Impeach Joe Biden? The idea is growing among Republicans in the U.S. Congress. Party brass just beat back a push to impeach the president. It's not clear they'll hold off forever.

Republican brass just beat back an impeachment push. It's not clear they'll hold off forever

Two women standing and heckling
Republicans Lauren Boebert, left, and Marjorie Taylor Greene, shown heckling U.S. President Joe Biden during his 2022 State of the Union address, are now bitter rivals. One source of their feud is a race to be the first to impeach the president. (Evelyn Hockstein/The Associated Press)

A fever is building on Capitol Hill, and for some Republicans, the only cure is impeaching U.S. President Joe Biden.

That passion bubbled onto the floor of the U.S. Congress this week.

Despite efforts from Republican leaders to suppress this talk — and despite their publicly stated view that it could backfire against their party — some populist lawmakers moved to scratch a right-wing itch.

They forced a debate on the floor of the House of Representatives, as Rep. Lauren Boebert, until recently the owner of a handgun-themed restaurant, took a shot at impeachment.

She used a procedural tactic to fast-track an impeachment vote to the dismay not only of her leadership but some of her rival rabble-rousers.

An argument broke out on the floor, where Rep. Marjorie Taylor Greene swore at Boebert, accusing her of stealing her idea. 

Boebert's fast-tracked resolution, indeed, mimicked the rationale of Taylor Greene's earlier one, introduced through regular procedure: that Biden should be removed from office for failing to control migration at the southern border.

"What more investigation is needed?" said one Republican, Bob Good of Virginia, arguing for impeachment.

"What more investigation is needed for [Biden's] violation of Article Four, Section Five [of the Constitution for] responsibility to protect the States from invasion?

"How long will we let this border invasion continue?"

The upshot for now: The party found a way to delay a vote, by referring the issue to a pair of congressional committees.

So it's been stalled — for now. Yet this flash of melodrama highlights dynamics likely to resurface in Washington in the leadup to next year's presidential election.

A person gestures while speaking at a lectern.
Biden is shown addressing Canada's Parliament during a visit to Ottawa in March. Some Republicans want to impeach him over a surge in migration. Others say: Let's keep investigating his family's finances. (Mandel Ngan/Reuters)

What happens next?

A fundamental political fact is that most Republican voters want the president impeached, creating pressure for their representatives to pursue it.

It's also true, according to polling, that impeachment would be risky, at best, and disastrous, at worst, with the overall public in the runup to voting day. 

With that in mind, this week's events point to three upcoming litmus tests: for the Republican Party, for the president and for the role of impeachment in U.S. politics.

On the latter, we're now seeing presidential impeachment go from a solemn once-in-a-century affair, to a once-in-a-generation affair in recent decades, to a semi-regular occurrence.

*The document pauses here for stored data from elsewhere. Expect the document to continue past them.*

text \<open>
  Write \<open>x = \<theta>\<^sup>* - \<theta>\<close>. Persistent excitation forces, in every window of \<open>N\<^sub>u\<close> consecutive
  times, some \<open>j\<close> with \<open>\<parallel>D\<^sub>j x\<parallel> \<ge> \<parallel>x\<parallel> \<surd>(\<beta>/N\<^sub>u) \<ge> \<epsilon>' + \<rho>\<close>, where \<open>\<epsilon>' = \<epsilon> \<surd>(\<beta>/N\<^sub>u)\<close>.
  Let \<open>w\<^sup>0\<close> maximise \<open>\<langle>D\<^sub>j x, \<cdot>\<rangle>\<close> over \<open>\<Omega>\<close>; it lies on the frontier of \<open>\<Omega>\<close>. If \<open>\<theta>\<close> survives
  time \<open>j + 1\<close>, then \<open>D\<^sub>j x + w\<^sub>j \<in> \<Omega> \<oplus> \<rho>\<B>\<close>, and comparing inner products with \<open>D\<^sub>j x\<close> shows
  \<open>\<parallel>w\<^sub>j - w\<^sup>0\<parallel> \<ge> \<epsilon>'\<close>, an event of probability at most \<open>1 - p\<^sub>w(\<epsilon>')\<close>. One such time per
  window and independence of the disturbances give the power \<open>\<lfloor>t/N\<^sub>u\<rfloor>\<close>.
\<close>

lemma sum_matrix_vector_mult:
  "sum f S *v (x :: 'a :: comm_semiring_1^'n) = (\<Sum>j\<in>S. (f j :: 'a^'n^'m) *v x)"
proof (cases "finite S")
  case True
  then show ?thesis
    by (induction S rule: finite_induct) (auto simp: matrix_vector_mult_add_rdistrib)
qed simp

lemma gram_quadratic_form: "((transpose A ** A) *v x) \<bullet> x = (norm ((A :: real^'n^'m) *v x))\<^sup>2"
  by (simp add: matrix_vector_mul_assoc[symmetric] dot_lmul_matrix power2_norm_eq_inner)

lemma exists_ge_average:
  fixes f :: "'a \<Rightarrow> real"
  assumes "finite S" "S \<noteq> {}" "c \<le> sum f S"
  shows "\<exists>j\<in>S. c / card S \<le> f j"
proof (rule ccontr)
  assume "\<not> ?thesis"
  then have "sum f S < (\<Sum>j\<in>S. c / card S)"
    using assms by (intro sum_strict_mono) auto
  also have "\<dots> = c" using assms by simp
  finally show False using assms by simp
qed

lemma persistent_excitation_exists_large_regressor:
  fixes D :: "'i \<Rightarrow> real^'p^'n"
  assumes "finite S" "S \<noteq> {}" "0 \<le> \<beta>"
    and "\<beta> * (x \<bullet> x) \<le> ((\<Sum>j\<in>S. transpose (D j) ** D j) *v x) \<bullet> x"
  shows "\<exists>j\<in>S. sqrt (\<beta> / card S) * norm x \<le> norm (D j *v x)"
proof -
  have "\<beta> * (x \<bullet> x) \<le> (\<Sum>j\<in>S. (norm (D j *v x))\<^sup>2)"
    using assms(4) by (simp add: sum_matrix_vector_mult inner_sum_left gram_quadratic_form)
  then obtain j where "j \<in> S" and j: "\<beta> * (x \<bullet> x) / card S \<le> (norm (D j *v x))\<^sup>2"
    using exists_ge_average[OF assms(1,2)] by blast
  have "0 \<le> \<beta> / card S" using assms(3) by simp
  then have "(sqrt (\<beta> / card S) * norm x)\<^sup>2 = \<beta> * (x \<bullet> x) / card S"
    by (simp only: power_mult_distrib real_sqrt_pow2 power2_norm_eq_inner times_divide_eq_left)
  then have "(sqrt (\<beta> / card S) * norm x)\<^sup>2 \<le> (norm (D j *v x))\<^sup>2" using j by linarith
  then have "sqrt (\<beta> / card S) * norm x \<le> norm (D j *v x)"
    using power2_le_imp_le norm_ge_zero by blast
  then show ?thesis using \<open>j \<in> S\<close> by blast
qed

lemma persistent_excitation_block_choice:
  fixes D :: "nat \<Rightarrow> real^'p^'n"
  assumes "0 < N" "0 \<le> \<beta>"
    and "\<forall>k x. \<beta> * (x \<bullet> x) \<le> ((\<Sum>j\<in>{k..k + N - 1}. transpose (D j) ** D j) *v x) \<bullet> x"
  obtains g where "strict_mono g" "\<And>i. g i < Suc i * N"
    "\<And>i. sqrt (\<beta> / N) * norm x \<le> norm (D (g i) *v x)"
proof -
  have "\<exists>j\<in>{i * N..i * N + N - 1}. sqrt (\<beta> / N) * norm x \<le> norm (D j *v x)" for i
  proof -
    have "card {i * N..i * N + N - 1} = N" "{i * N..i * N + N - 1} \<noteq> {}" using assms(1) by auto
    then show ?thesis
      using persistent_excitation_exists_large_regressor[of "{i * N..i * N + N - 1}" \<beta> x D] assms(2,3)
      by simp
  qed
  then obtain g where block: "\<And>i. g i \<in> {i * N..i * N + N - 1}"
    and large: "\<And>i. sqrt (\<beta> / N) * norm x \<le> norm (D (g i) *v x)"
    by metis
  have below: "g i < Suc i * N" for i using assms(1) block[of i] by auto
  have "strict_mono g"
  proof (rule strict_monoI_Suc)
    fix i
    show "g i < g (Suc i)" using below[of i] block[of "Suc i"] by auto
  qed
  then show thesis using below large by (rule that)
qed
(* For every allocation $\mathcal{E}=(E_1,\dots,E_M)\in\mathfrak{E}$ let $V(\mathcal{E})$ denote the optimal value of the parametric problem $\mathcal{P}(\mathcal{E})$ described in the context. Then $V$ is convex on $\mathfrak{E}$: for all $\lambda\in[0,1]$ and all $\mathcal{E}_1,\mathcal{E}_2\in\mathfrak{E}$, $V(\lambda\mathcal{E}_1+(1-\lambda)\mathcal{E}_2)\le\lambda V(\mathcal{E}_1)+(1-\lambda)V(\mathcal{E}_2)$.
   Context: Data: integers $N\ge1$, $M\ge1$, $T>0$, $E>0$, constants $\alpha>0,\beta$, $L<U$, $x_{i0}\in[L,U]$ ($i\in[N]:=\{1,\dots,N\}$), a price $\pi:[0,T]\to\mathbb{R}$, a constant ambient temperature $\hat{x}>U$. Let $0=\tau_0<\tau_1<\dots<\tau_M=T$ be the partition of $[0,T]$ into the subintervals on which $\pi$ is monotone, $T_j:=\tau_j-\tau_{j-1}$. Let $\overline{u}:=\frac\alpha\beta(\hat{x}-U)$, $\underline{u}:=\frac\alpha\beta(\hat{x}-L)$, $t^0:=\frac1\alpha\log\frac{\hat{x}-L}{\hat{x}-U}$, $t^1:=\frac1\alpha\log\frac{U-\hat{x}+\beta/\alpha}{L-\hat{x}+\beta/\alpha}$, $\overline{E}_j:=N\overline{u}[T_j-t^0]^+$, $\underline{E}_j:=N\{\min(t^1,T_j)+\underline{u}[T_j-t^1]^+\}$, where $[s]^+=\max\{0,s\}$. The admissible allocations are $\mathfrak{E}:=\{(E_1,\dots,E_M)\in\mathbb{R}^M_+:\sum_jE_j=E,\ E_j\in[\overline{E}_j,\underline{E}_j]\ \forall j\}$. Problem $\mathcal{P}(\mathcal{E})$: over measurable $u_i:[0,T]\to[0,1]$, minimize $J(\mathbf{u})=\int_0^T\pi(t)\sum_{i=1}^Nu_i(t)dt$ subject to $\dot{x}_i=-\alpha(x_i-\hat{x})-\beta u_i$ a.e., $x_i(0)=x_{i0}$, $L\le x_i(t)\le U$ for all $t$ ($i\in[N]$), $\dot{x}_{N+1}=\sum_iu_i$ a.e., $x_{N+1}(0)=0$, and $x_{N+1}(\tau_j)=E_1+\dots+E_j$ for $j=1,\dots,M$. $V(\mathcal{E})$ is the minimum (infimum) of $J$ over feasible controls. *)

theory Defs
  imports "HOL-Analysis.Analysis" "HOL-Library.Extended_Real"
begin

definition pos_part :: "real \<Rightarrow> real" where
  "pos_part s = max 0 s"

definition Tlen :: "(nat \<Rightarrow> real) \<Rightarrow> nat \<Rightarrow> real" where
  "Tlen \<tau> j = \<tau> j - \<tau> (j - 1)"

definition ubar :: "real \<Rightarrow> real \<Rightarrow> real \<Rightarrow> real \<Rightarrow> real" where
  "ubar \<alpha> \<beta> xh U = \<alpha> / \<beta> * (xh - U)"

definition uund :: "real \<Rightarrow> real \<Rightarrow> real \<Rightarrow> real \<Rightarrow> real" where
  "uund \<alpha> \<beta> xh L = \<alpha> / \<beta> * (xh - L)"

definition t0 :: "real \<Rightarrow> real \<Rightarrow> real \<Rightarrow> real \<Rightarrow> real" where
  "t0 \<alpha> xh L U = 1 / \<alpha> * ln ((xh - L) / (xh - U))"

definition t1 :: "real \<Rightarrow> real \<Rightarrow> real \<Rightarrow> real \<Rightarrow> real \<Rightarrow> real" where
  "t1 \<alpha> \<beta> xh L U = 1 / \<alpha> * ln ((U - xh + \<beta> / \<alpha>) / (L - xh + \<beta> / \<alpha>))"

definition Ebar :: "nat \<Rightarrow> real \<Rightarrow> real \<Rightarrow> real \<Rightarrow> real \<Rightarrow> real \<Rightarrow> (nat \<Rightarrow> real) \<Rightarrow> nat \<Rightarrow> real" where
  "Ebar N \<alpha> \<beta> xh L U \<tau> j =
     real N * ubar \<alpha> \<beta> xh U * pos_part (Tlen \<tau> j - t0 \<alpha> xh L U)"

definition Eund :: "nat \<Rightarrow> real \<Rightarrow> real \<Rightarrow> real \<Rightarrow> real \<Rightarrow> real \<Rightarrow> (nat \<Rightarrow> real) \<Rightarrow> nat \<Rightarrow> real" where
  "Eund N \<alpha> \<beta> xh L U \<tau> j =
     real N * (min (t1 \<alpha> \<beta> xh L U) (Tlen \<tau> j)
               + uund \<alpha> \<beta> xh L * pos_part (Tlen \<tau> j - t1 \<alpha> \<beta> xh L U))"

text \<open>Admissible allocations (E_1,...,E_M), represented by their values at indices 1..M.\<close>
definition Adm :: "nat \<Rightarrow> nat \<Rightarrow> real \<Rightarrow> real \<Rightarrow> real \<Rightarrow> real \<Rightarrow> real \<Rightarrow> real \<Rightarrow> (nat \<Rightarrow> real)
                   \<Rightarrow> (nat \<Rightarrow> real) set" where
  "Adm N M Etot \<alpha> \<beta> xh L U \<tau> =
     {E. (\<forall>j\<in>{1..M}. 0 \<le> E j \<and> Ebar N \<alpha> \<beta> xh L U \<tau> j \<le> E j \<and> E j \<le> Eund N \<alpha> \<beta> xh L U \<tau> j)
         \<and> (\<Sum>j=1..M. E j) = Etot}"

The scorching intensity of modern-day partisanship risks torching the old understanding of the Constitution's ultimate political penalty.

In its place, we could find something more customary, and less consequential, where it increases in occurrence and decreases in its potential practical effect.

As the two impeachments of Donald Trump revealed, these days, the chances are microscopic of a House impeachment actually resulting in two-thirds of the Senate agreeing to oust a president from office.

Biden's impeachment would further entrench the mechanism as little more than a vote of censure: embarrassing, maybe, awkward, certainly, but mostly powerless: a 236-year-old paper tiger from the 1787 Constitution.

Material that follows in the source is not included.